You are viewing an old version of this page. View the current version.

Compare with Current View Page History

« Previous Version 8 Next »

Lucene.Net Simple Faceted Search

What is faceted search?

Faceted search is the ability to find results based upon classifications of data which are. not fixed. Facets can allow the user to filter data through multiple paths and different ordering. You can click on any combination of facets and arrive to the results from different paths.

e.g. e-commerce searches over clothes that have facets of price range, color, brands, sex, etc.

References to adding faceted to Lucene.Net.

Status: Prototyping inside the Lucene.Net_2_9_4g branch

Which means anything can be a breaking change before its put into a release.

This shouldn't prevent anyone from making their own version or taking the existing code and building on top of it, improving it. In fact we encourage that you do so and submit patches and influence the design.

Simple Faceted Search

A contrib project was created for implementing a simple faceted search inside of Lucene.Net:
https://issues.apache.org/jira/browse/LUCENENET-415

The tests do show how to use the simple faceted search, look at the TestSimpleFacetedSearch.cs file and the "HowToUse" Method.
https://svn.apache.org/repos/asf/incubator/lucene.net/branches/Lucene.Net_2_9_4g/test/contrib/SimpleFacetedSearch/TestSimpleFacetedSearch.cs

Sample Usage

The usage is pretty straight forward. The code sample below actually comes from the tests for simple faceted search, so we encourage you to look at the rest of the tests inside the project.

            // Pulled from the HowToUse method.

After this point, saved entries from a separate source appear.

(* Let $\varrho\in C^{0,\varsigma}(\Gamma)$, $\varsigma\in(\frac12,1)$, with $\varrho(\pm1)=0$. Then $\varrho/\mathrm w\in C^{0,\varsigma-1/2}(\Gamma)$ and there is a constant $C_2$ (independent of $\tau_1,\tau_2$) such that for all distinct $\tau_1,\tau_2\in\Gamma$, $$\Big|\frac{\varrho(\tau_1)}{\mathrm w(\tau_1)}-\frac{\varrho(\tau_2)}{\mathrm w(\tau_2)}\Big|\le C_2\min\Big\{\frac1{|1-\tau_1^2|^{1/2}},\frac1{|1-\tau_2^2|^{1/2}}\Big\}|\tau_1-\tau_2|^{\varsigma}.$$
   Context: $\Delta$ is a closed analytic Jordan arc with endpoints $\pm1$, oriented from $-1$ to $1$. $\Gamma$ is an infinitely smooth Jordan curve containing $\Delta$ whose interior domain $\Omega$ lies to the left of $\Delta$. $\mathrm w(z)=\sqrt{z^2-1}$ is holomorphic in $\overline{\mathbb C}\setminus\Delta$ with $\mathrm w(z)/z\to1$ at $\infty$; on $\Gamma$, $\mathrm w$ denotes its boundary values from within $\Omega$. $C^{0,\upsilon}(\Gamma)$ is the space of uniformly $\upsilon$-Hölder continuous functions on $\Gamma$. *)

theory Defs
  imports "HOL-Complex_Analysis.Complex_Analysis"
begin

definition holder_on :: "real \<Rightarrow> complex set \<Rightarrow> (complex \<Rightarrow> complex) \<Rightarrow> bool" where
  "holder_on u S f \<longleftrightarrow> (\<exists>C. \<forall>x\<in>S. \<forall>y\<in>S. norm (f x - f y) \<le> C * dist x y powr u)"

text \<open>An infinitely smooth (regular) Jordan curve, parametrised 1-periodically by g on the reals,
  injective on one period; its trace is  path_image g = g ` {0..1}.\<close>
definition smooth_jordan_param :: "(real \<Rightarrow> complex) \<Rightarrow> bool" where
  "smooth_jordan_param g \<longleftrightarrow>
     (\<forall>t. g (t + 1) = g t) \<and> inj_on g {0..<1} \<and>
     (\<exists>D :: nat \<Rightarrow> real \<Rightarrow> complex. D 0 = g \<and>
        (\<forall>n t. (D n has_vector_derivative D (Suc n) t) (at t)) \<and> (\<forall>t. D 1 t \<noteq> 0))"

definition analytic_arc :: "(complex \<Rightarrow> complex) \<Rightarrow> bool" where
  "analytic_arc F \<longleftrightarrow>
     (\<exists>U. open U \<and> complex_of_real ` {0..1} \<subseteq> U \<and> F holomorphic_on U \<and>
          inj_on F (complex_of_real ` {0..1}) \<and>
          (\<forall>t\<in>{0..1}. deriv F (complex_of_real t) \<noteq> 0))"

definition arc_image :: "(complex \<Rightarrow> complex) \<Rightarrow> complex set" where
  "arc_image F = F ` (complex_of_real ` {0..1})"

end

theory Submission
  imports Defs
begin

text \<open>Write \<open>A(\<tau>) = |\<tau>\<^sup>2 - 1|\<close>, so that \<open>|wb \<tau>| = \<surd>A(\<tau>)\<close> on \<open>\<Gamma>\<close>, and the vanishing of
  \<open>\<rho>\<close> at \<open>\<plusminus>1\<close> gives \<open>|\<rho>(\<tau>)| \<le> C A(\<tau>)\<^bsup>\<sigma>\<^esup>\<close>. Let \<open>A(\<tau>2) \<le> A(\<tau>1)\<close> and \<open>d = |\<tau>1 - \<tau>2|\<close>.
  If d is not small compared with \<open>A(\<tau>2)\<close>, then \<open>A(\<tau>1) = O(d)\<close> and both quotients are
  bounded by \<open>C A(\<tau>1)\<^bsup>\<sigma>-1/2\<^esup>\<close>. Otherwise write
  \<open>\<rho>1/w1 - \<rho>2/w2 = (\<rho>1 - \<rho>2)/w1 + \<rho>2 (w2 - w1)/(w1 w2)\<close>; everything then rests on
  \<open>|w1 - w2| |w2| \<le> |\<tau>1\<^sup>2 - \<tau>2\<^sup>2|\<close>, i.e. on wb not jumping between the two square roots.
  This holds because a smooth Jordan curve is of bounded turning, so \<open>\<tau>1, \<tau>2\<close> lie on a
  short connected piece of \<open>\<Gamma>\<close> away from \<open>\<plusminus>1\<close>, and because wb is continuous on
  \<open>\<Gamma> - {\<plusminus>1}\<close>. Off the arc this is continuity of w; on the arc, the inverse of the analytic
  parametrisation maps the inside of \<open>\<Gamma>\<close> near the arc into the upper half plane, where
  \<open>w \<circ> F\<close> has a bounded derivative, so that wb is even Lipschitz along the arc.\<close>

lemma holder_onE:
  assumes "holder_on u S f"
  obtains C where "C \<ge> 0" "\<And>x y. x \<in> S \<Longrightarrow> y \<in> S \<Longrightarrow> norm (f x - f y) \<le> C * dist x y powr u"
proof -
  obtain C where C: "\<forall>x\<in>S. \<forall>y\<in>S. norm (f x - f y) \<le> C * dist x y powr u"
    using assms unfolding holder_on_def by blast
  show thesis
  proof (rule that[of "max C 0"])
    fix x y assume "x \<in> S" "y \<in> S"
    then have "norm (f x - f y) \<le> C * dist x y powr u" using C by blast
    also have "\<dots> \<le> max C 0 * dist x y powr u" by (intro mult_right_mono) auto
    finally show "norm (f x - f y) \<le> max C 0 * dist x y powr u" .
  qed simp
qed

            // create the index reader.
            // * the code sample assumes you've already done this, which is what the _Reader variable references below
 
            Query query = new QueryParser(Lucene.Net.Util.Version.LUCENE_29, "text", new     
            StandardAnalyzer(Lucene.Net.Util.Version.LUCENE_29)).Parse(searchString);


            // pass in the reader and the names of the facets that you've created using fields in the documents.
            // the facets are determined

            SimpleFacetedSearch sfs = new SimpleFacetedSearch(_Reader, new string[] { "language", "category" });

            // then pass in the query into the search like you normally would with a typical search class.

            SimpleFacetedSearch.Hits hits = sfs.Search(query, 10);

            // what comes back is different than normal. 
            // the result documents & hits are grouped by facets.  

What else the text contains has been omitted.